Fonte: Il Fatto Quotidiano 25 febbraio 2019 |
Cause perse e straperse in partenza. Straperse per i risparmiatori, magari condannati anche a rifondere le spese legali delle Poste o della Cassa Depositi e Prestiti (Cdp). Ma molto redditizie per alcuni avvocati. Ora finalmente l’11-2-2019 la Corte di Cassazione a Sezioni Unite ha dato torto a chi aveva torto e ragione a chi aveva ragione.
La faccenda rimanda a un decreto ministeriale del 13-6-1986, che abbassò i tassi di alcuni buoni fruttiferi postali (BFP) già emessi. La Legge lo permetteva, la possibilità era generalmente nota - come ricordo io stesso! - e tutto sommato era abbastanza prevedibile. Peccato che non pochi si siano lasciati convincere a intentare cause senza fondamento da tutti i punti di vista.

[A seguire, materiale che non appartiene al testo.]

datatype 'f lie_term =
    Gen nat
  | LZero
  | LAdd "'f lie_term" "'f lie_term"
  | LSmul 'f "'f lie_term"
  | LBr "'f lie_term" "'f lie_term"

fun gens :: "'f lie_term \<Rightarrow> nat set" where
  "gens (Gen i) = {i}"
| "gens LZero = {}"
| "gens (LAdd x y) = gens x \<union> gens y"
| "gens (LSmul c x) = gens x"
| "gens (LBr x y) = gens x \<union> gens y"

definition kterm :: "nat \<Rightarrow> 'f lie_term \<Rightarrow> bool" where
  "kterm n t \<longleftrightarrow> gens t \<subseteq> {1..n}"

text \<open>The congruence defining the Lie algebra k (Berman presentation):
  F-Lie algebra axioms plus the defining relations for the diagram with
  adjacency relation E on vertices 1..n.\<close>
inductive kcong :: "nat \<Rightarrow> (nat \<Rightarrow> nat \<Rightarrow> bool) \<Rightarrow> 'f::field lie_term \<Rightarrow> 'f lie_term \<Rightarrow> bool"
  for n :: nat and E :: "nat \<Rightarrow> nat \<Rightarrow> bool" where
  refl: "kcong n E x x"
| sym: "kcong n E x y \<Longrightarrow> kcong n E y x"
| trans: "kcong n E x y \<Longrightarrow> kcong n E y z \<Longrightarrow> kcong n E x z"
| cong_add: "kcong n E x x' \<Longrightarrow> kcong n E y y' \<Longrightarrow> kcong n E (LAdd x y) (LAdd x' y')"
| cong_smul: "kcong n E x x' \<Longrightarrow> kcong n E (LSmul c x) (LSmul c x')"
| cong_br: "kcong n E x x' \<Longrightarrow> kcong n E y y' \<Longrightarrow> kcong n E (LBr x y) (LBr x' y')"
| add_assoc: "kcong n E (LAdd (LAdd x y) z) (LAdd x (LAdd y z))"
| add_comm: "kcong n E (LAdd x y) (LAdd y x)"
| add_zero: "kcong n E (LAdd x LZero) x"
| add_neg: "kcong n E (LAdd x (LSmul (-1) x)) LZero"
| smul_smul: "kcong n E (LSmul a (LSmul b x)) (LSmul (a * b) x)"
| smul_one: "kcong n E (LSmul 1 x) x"
| smul_add: "kcong n E (LSmul a (LAdd x y)) (LAdd (LSmul a x) (LSmul a y))"
| add_smul: "kcong n E (LSmul (a + b) x) (LAdd (LSmul a x) (LSmul b x))"
| br_add_left: "kcong n E (LBr (LAdd x y) z) (LAdd (LBr x z) (LBr y z))"
| br_add_right: "kcong n E (LBr x (LAdd y z)) (LAdd (LBr x y) (LBr x z))"
| br_smul_left: "kcong n E (LBr (LSmul a x) y) (LSmul a (LBr x y))"
| br_smul_right: "kcong n E (LBr x (LSmul a y)) (LSmul a (LBr x y))"
| br_alt: "kcong n E (LBr x x) LZero"
| jacobi: "kcong n E (LAdd (LBr x (LBr y z)) (LAdd (LBr y (LBr z x)) (LBr z (LBr x y)))) LZero"
| rel_adj: "\<lbrakk>i \<in> {1..n}; j \<in> {1..n}; E i j\<rbrakk> \<Longrightarrow>
      kcong n E (LBr (Gen i) (LBr (Gen i) (Gen j))) (LSmul (-1) (Gen j))"
| rel_nonadj: "\<lbrakk>i \<in> {1..n}; j \<in> {1..n}; i \<noteq> j; \<not> E i j\<rbrakk> \<Longrightarrow>
      kcong n E (LBr (Gen i) (Gen j)) LZero"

Il decreto del 1986 non andò neppure contro l’affidamento dei risparmiatori, cioè su cosa si aspettavano da quell'investimento. Anzi, semmai essi facevano affidamento proprio sulla possibilità all'occorrenza di una modifica dei loro tassi! Infatti in precedenza il Tesoro per ben tre volte consecutive li aveva alzati, precisamente per le serie L, M ed N: nel 1974, nel 1976 e nel 1981. Cosa che i sedicenti difensori dei risparmiatori furbescamente non dicono. Il Tesoro alzava gli interessi quando inflazione e rendimenti di mercato erano saliti, per ridurli se poi erano scesi. E in effetti li ridusse quella sola volta. Poi, a furor di popolo, la normativa venne cambiata e dal 2000 i tassi dei BFP non possono più essere né aumentati né diminuiti. Era meglio prima; ed era anche più giusto. I buoni fruttiferi sono infatti analoghi a conti o libretti non vincolati, per i quali è normale che i tassi siano modificabili.
Per di più i buoni in questione, pur col provvedimento del 1986, hanno reso tantissimo: capitali non di rado decuplicati in termini nominali e quintuplicati al netto dell'inflazione. Alcuni titoli, “colpiti” dal decreto di riduzione, rendevano il 12% annuo netto ancora tre-quattro anni fa. Un tasso da sogno! Nessun altro impiego, per giunta liquidabile ogni giorno senza oscillazioni di prezzo, ha reso così tanto. Anziché intentare cause, quei risparmiatori dovevano fare salti di gioia, rallegrandosi della scelta fatta; o della fortuna avuta. Nessun risparmio tradito o baggianate simili. Sarebbero semmai i contribuenti italiani, che non avevano sottoscritto quei buoni, a potersi lamentare che il Tesoro abbia pagato interessi così alti. Non quelli che li hanno percepiti.